Bannon, undeterred, under siege from GOP after Alabama loss
NEW YORK — Former White House strategist Steve Bannon is catching blame from fellow Republicans for coughing up a safe Senate seat in deep-red Alabama and foisting damaging political advice on President Donald Trump. But in the aftermath of this week’s stinging Alabama defeat, Bannon is showing no signs of abandoning his guerrilla war against the GOP establishment.
Bannon wholeheartedly backed Roy Moore, the insurgent conservative who faltered in Tuesday’s special election amid allegations that he had preyed on underage girls decades ago. The accusations prompted the national party to withdraw support for its nominee for a while, but Bannon stuck with Moore, headlining rallies for the candidate and convincing Trump to extend a full-throated endorsement.
But when Moore lost on Tuesday, handing the Democrats control of their first Senate seat in Alabama in a generation, Republicans turned on Bannon.
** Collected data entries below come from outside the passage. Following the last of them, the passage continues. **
lemma continuous_Hinv: "continuous_on UNIV Hinv"
  unfolding Hinv_def using \<zeta>_cont
  by (intro continuous_on_inv_strict_mono strict_mono_add_arctan \<zeta>_mono
      surj_add_arctan[OF \<zeta>_cont \<zeta>_mono \<zeta>_0 M0 \<zeta>_growth]) (auto intro!: continuous_intros)

lemma \<beta>_Hinv_mult_nonneg: "0 \<le> \<beta> (Hinv t) * t"
  using mono_diff_mult_nonneg[OF \<beta>_mono strict_mono_mono[OF strict_mono_add_arctan[OF \<zeta>_mono]],
      of "Hinv t" 0]
  by (simp add: Hinv_inverse \<beta>_0 \<zeta>_0)

definition discrete_map :: "real^'i \<Rightarrow> real^'i" where
  "discrete_map y = (\<chi> i. if i \<in> Iint
     then mass i * \<beta> (Hinv (y $ i)) + (\<Sum>j\<in>Iint. stiffness j i * \<zeta> (Hinv (y $ j))) - load i
     else y $ i)"

lemma continuous_discrete_map: "continuous_on S discrete_map"
proof -
  have "continuous_on S (\<lambda>y. g (Hinv (y $ i)))" if "continuous_on UNIV g" for g and i :: 'i
    by (rule continuous_on_compose2[OF that continuous_on_compose2[OF continuous_Hinv]])
      (auto intro: continuous_on_component continuous_on_id)
  note [continuous_intros] = this[OF \<beta>_cont] this[OF \<zeta>_cont]
  show ?thesis unfolding discrete_map_def
  proof (rule continuous_on_vec_lambda)
    fix i
    show "continuous_on S (\<lambda>y. if i \<in> Iint
        then mass i * \<beta> (Hinv (y $ i)) + (\<Sum>j\<in>Iint. stiffness j i * \<zeta> (Hinv (y $ j))) - load i
        else y $ i)"
      by (cases "i \<in> Iint") (auto intro!: continuous_intros continuous_on_component)
  qed
qed

lemma inner_discrete_map:
  "discrete_map y \<bullet> y = (\<Sum>i\<in>Ib. (y $ i)\<^sup>2)
      + (\<Sum>i\<in>Iint. mass i * \<beta> (Hinv (y $ i)) * y $ i)
      + (\<Sum>i\<in>Iint. (\<Sum>j\<in>Iint. stiffness j i * \<zeta> (Hinv (y $ j))) * y $ i)
      - (\<Sum>i\<in>Iint. load i * y $ i)"
  unfolding inner_vec_def discrete_map_def
  by (simp add: sum_UNIV_split_Compl[of _ Ib] power2_eq_square sum.distrib sum_subtractf algebra_simps)

lemma discrete_map_coercive:
  obtains c K where "c > 0" "K \<ge> 0" "\<And>y. c * (norm y)\<^sup>2 - K * (norm y + 1) \<le> discrete_map y \<bullet> y"
proof -
  obtain c where c: "c > 0" and coercive: "\<And>z. c * (\<Sum>i\<in>Iint. (z i)\<^sup>2) \<le> quad_form stiffness Iint z"
    using quad_form_coercive[of Iint stiffness] stiffness_pos_def by blast
  define SA where "SA = (\<Sum>i\<in>Iint. \<Sum>j\<in>Iint. \<bar>stiffness j i\<bar>)"
  define SB where "SB = (\<Sum>i\<in>Iint. \<bar>load i\<bar>)"
  have "0 \<le> SA" "0 \<le> SB" unfolding SA_def SB_def by (auto intro!: sum_nonneg)
  have "min c 1 * (norm y)\<^sup>2 - (4 * c * card Iint + 4 * SA + SB) * (norm y + 1) \<le> discrete_map y \<bullet> y"
    for y
  proof -
    \<comment> \<open>\<open>y\<close> is a bounded perturbation of \<open>\<zeta>(u)\<close>, which controls the stiffness term\<close>
    have "c * (\<Sum>i\<in>Iint. (y $ i)\<^sup>2) - (4 * c * card Iint + 2 * SA) * norm y - 4 * SA
        \<le> (\<Sum>i\<in>Iint. (\<Sum>j\<in>Iint. stiffness j i * \<zeta> (Hinv (y $ j))) * y $ i)"
      unfolding SA_def
    proof (rule perturbed_quad_form_ge[where a = "\<lambda>i. arctan (Hinv (y $ i))"])
      show "y $ i = \<zeta> (Hinv (y $ i)) + arctan (Hinv (y $ i))" for i by (simp add: Hinv_inverse)
      show "\<bar>arctan (Hinv (y $ i))\<bar> \<le> 2" for i by (rule abs_arctan_le_2)
    qed (use c coercive in auto)
    moreover have "0 \<le> (\<Sum>i\<in>Iint. mass i * \<beta> (Hinv (y $ i)) * y $ i)"
      by (intro sum_nonneg) (simp add: mult.assoc mass_nonneg \<beta>_Hinv_mult_nonneg)
    moreover have "(\<Sum>i\<in>Iint. load i * y $ i) \<le> SB * norm y"
      unfolding SB_def by (rule sum_mult_component_le)
    moreover have "min c 1 * (norm y)\<^sup>2 \<le> (\<Sum>i\<in>Ib. (y $ i)\<^sup>2) + c * (\<Sum>i\<in>Iint. (y $ i)\<^sup>2)"
    proof -
      note norm_squared_split_Compl[of y Ib]
      moreover have "min c 1 * (\<Sum>i\<in>Ib. (y $ i)\<^sup>2) \<le> 1 * (\<Sum>i\<in>Ib. (y $ i)\<^sup>2)"
        "min c 1 * (\<Sum>i\<in>Iint. (y $ i)\<^sup>2) \<le> c * (\<Sum>i\<in>Iint. (y $ i)\<^sup>2)"
        by (intro mult_right_mono sum_nonneg; simp)+
      ultimately show ?thesis by (simp add: distrib_left)
    qed
    moreover have "(4 * c * card Iint + 2 * SA + SB) * norm y + 4 * SA
        \<le> (4 * c * card Iint + 4 * SA + SB) * (norm y + 1)"
      by (simp add: algebra_simps)
        (intro add_nonneg_nonneg mult_nonneg_nonneg; use \<open>0 \<le> SA\<close> \<open>0 \<le> SB\<close> c in simp)
    ultimately show ?thesis unfolding inner_discrete_map by (simp add: algebra_simps)
  qed
  moreover have "0 \<le> 4 * c * card Iint + 4 * SA + SB" using c \<open>0 \<le> SA\<close> \<open>0 \<le> SB\<close> by simp
  ultimately show ?thesis using c by (intro that[of "min c 1"]) auto
qed

theorem GS_solution_exists: "\<exists>u. is_GS_solution \<Omega> Ib U gradD \<beta> \<zeta> \<Lambda> Qf F u"
proof -
  obtain c K where "c > 0" "K \<ge> 0"
    and coercive: "\<And>y. c * (norm y)\<^sup>2 - K * (norm y + 1) \<le> discrete_map y \<bullet> y"
    using discrete_map_coercive by blast
  then obtain R where "R > 0" "K * (R + 1) < c * R\<^sup>2"
    using quadratic_dominates_affine by blast
  then have "discrete_map y \<bullet> y > 0" if "norm y = R" for y using coercive[of y] that by simp
  then obtain y where y: "discrete_map y = 0"
    using inner_pos_on_sphere_imp_zero[of R discrete_map] continuous_discrete_map \<open>R > 0\<close> by blast
  define u where "u i = Hinv (y $ i)" for i
  have "u \<in> XD0 Ib"
    using y by (auto simp: XD0_def u_def discrete_map_def vec_eq_iff Hinv_0 split: if_splits)
  moreover have "mass i * \<beta> (u i) + (\<Sum>j\<in>Iint. stiffness j i * \<zeta> (u j)) = load i" if "i \<in> Iint" for i
  proof -
    have "discrete_map y $ i = 0" using y by simp
    then show ?thesis using that by (simp add: u_def discrete_map_def)
  qed
  ultimately show ?thesis by (auto simp: GS_solution_iff)
qed

section \<open>Uniqueness\<close>

lemma GS_solution_\<zeta>_unique:
  assumes u1: "is_GS_solution \<Omega> Ib U gradD \<beta> \<zeta> \<Lambda> Qf F u1"
    and u2: "is_GS_solution \<Omega> Ib U gradD \<beta> \<zeta> \<Lambda> Qf F u2"
  shows "compw \<zeta> u1 = compw \<zeta> u2"
proof -
  define d where "d i = \<zeta> (u1 i) - \<zeta> (u2 i)" for i
  have eq: "mass i * (\<beta> (u1 i) - \<beta> (u2 i)) + (\<Sum>j\<in>Iint. stiffness j i * d j) = 0" if "i \<in> Iint" for i
  proof -
    have "mass i * \<beta> (u1 i) + (\<Sum>j\<in>Iint. stiffness j i * \<zeta> (u1 j)) = load i"
      "mass i * \<beta> (u2 i) + (\<Sum>j\<in>Iint. stiffness j i * \<zeta> (u2 j)) = load i"
      using u1 u2 that by (simp_all add: GS_solution_iff)
    then show ?thesis unfolding d_def right_diff_distrib sum_subtractf by linarith
  qed
  \<comment> \<open>test the difference of the two discrete equations with \<open>d\<close>\<close>
  have "(\<Sum>i\<in>Iint. mass i * (\<beta> (u1 i) - \<beta> (u2 i)) * d i) + quad_form stiffness Iint d
      = (\<Sum>i\<in>Iint. (mass i * (\<beta> (u1 i) - \<beta> (u2 i)) + (\<Sum>j\<in>Iint. stiffness j i * d j)) * d i)"
    unfolding quad_form_def
    by (subst sum.swap) (simp add: distrib_right sum.distrib sum_distrib_right)
  also have "\<dots> = 0" using eq by simp
  moreover have "0 \<le> (\<Sum>i\<in>Iint. mass i * (\<beta> (u1 i) - \<beta> (u2 i)) * d i)"
    unfolding d_def mult.assoc
    by (intro sum_nonneg mult_nonneg_nonneg mass_nonneg mono_diff_mult_nonneg \<beta>_mono \<zeta>_mono)
  ultimately have "quad_form stiffness Iint d \<le> 0" by linarith
  then have "\<forall>i\<in>Iint. d i = 0" using stiffness_pos_def by force
  moreover have "u1 \<in> XD0 Ib" "u2 \<in> XD0 Ib" using u1 u2 by (simp_all add: GS_solution_iff)
  ultimately show ?thesis by (auto simp: compw_def d_def XD0_def fun_eq_iff)
qed

lemma GS_solution_PiD_unique:
  assumes u1: "is_GS_solution \<Omega> Ib U gradD \<beta> \<zeta> \<Lambda> Qf F u1"
    and u2: "is_GS_solution \<Omega> Ib U gradD \<beta> \<zeta> \<Lambda> Qf F u2"
  shows "AE x in \<mu>. PiD U u1 x = PiD U u2 x"
proof -
  have \<zeta>_eq: "\<zeta> (u1 i) = \<zeta> (u2 i)" for i
    using GS_solution_\<zeta>_unique[OF u1 u2] by (simp add: compw_def fun_eq_iff)
  have XD0: "u1 \<in> XD0 Ib" "u2 \<in> XD0 Ib" using u1 u2 by (simp_all add: GS_solution_iff)
  have cell_eq: "u1 i = u2 i" if "i \<in> Iint" "mass i \<noteq> 0" for i
  proof -
    have "mass i * \<beta> (u1 i) + (\<Sum>j\<in>Iint. stiffness j i * \<zeta> (u2 j)) = load i"
      "mass i * \<beta> (u2 i) + (\<Sum>j\<in>Iint. stiffness j i * \<zeta> (u2 j)) = load i"
      using u1 u2 that(1) \<zeta>_eq by (simp_all add: GS_solution_iff)
    then have "mass i * \<beta> (u1 i) = mass i * \<beta> (u2 i)" by linarith
    then have "\<beta> (u1 i) + \<zeta> (u1 i) = \<beta> (u2 i) + \<zeta> (u2 i)" using that(2) \<zeta>_eq by simp
    then show ?thesis using strict_mono_eq[OF \<beta>_plus_\<zeta>_strict] by blast
  qed
  have null: "AE x in \<mu>. x \<notin> U i" if "i \<in> Iint" "mass i = 0" for i
  proof -
    have "AE x in \<mu>. indicator (U i) x = (0::real)"
      using that integral_nonneg_eq_0_iff_AE[OF integrable_cell[OF that(1)]] by (simp add: mass_def)
    then show ?thesis by eventually_elim (simp add: indicator_def split: if_splits)
  qed
  have "AE x in \<mu>. \<forall>i\<in>{i\<in>Iint. mass i = 0}. x \<notin> U i"
    by (rule eventually_ball_finite) (use null in auto)
  then show ?thesis using AE_space
  proof eventually_elim
    case (elim x)
    then obtain k where k: "x \<in> U k" using U_cover by auto
    show ?case
    proof (cases "k \<in> Ib")
      case True
      then show ?thesis using k XD0 by (simp add: PiD_cell XD0_def)
    next
      case False
      then show ?thesis using k elim cell_eq by (auto simp: PiD_cell)
    qed
  qed
qed

end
The Breitbart News head already had made scores of enemies for declaring a siege on his own party.
“This is a brutal reminder that candidate quality matters regardless of where you are running,” said Steven Law, head of the Senate Leadership Fund, a super PAC for Republicans aligned with GOP leadership. “Not only did Steve Bannon cost us a critical Senate seat in one of the most Republican states in the country, but he also dragged the president of the United States into his fiasco.”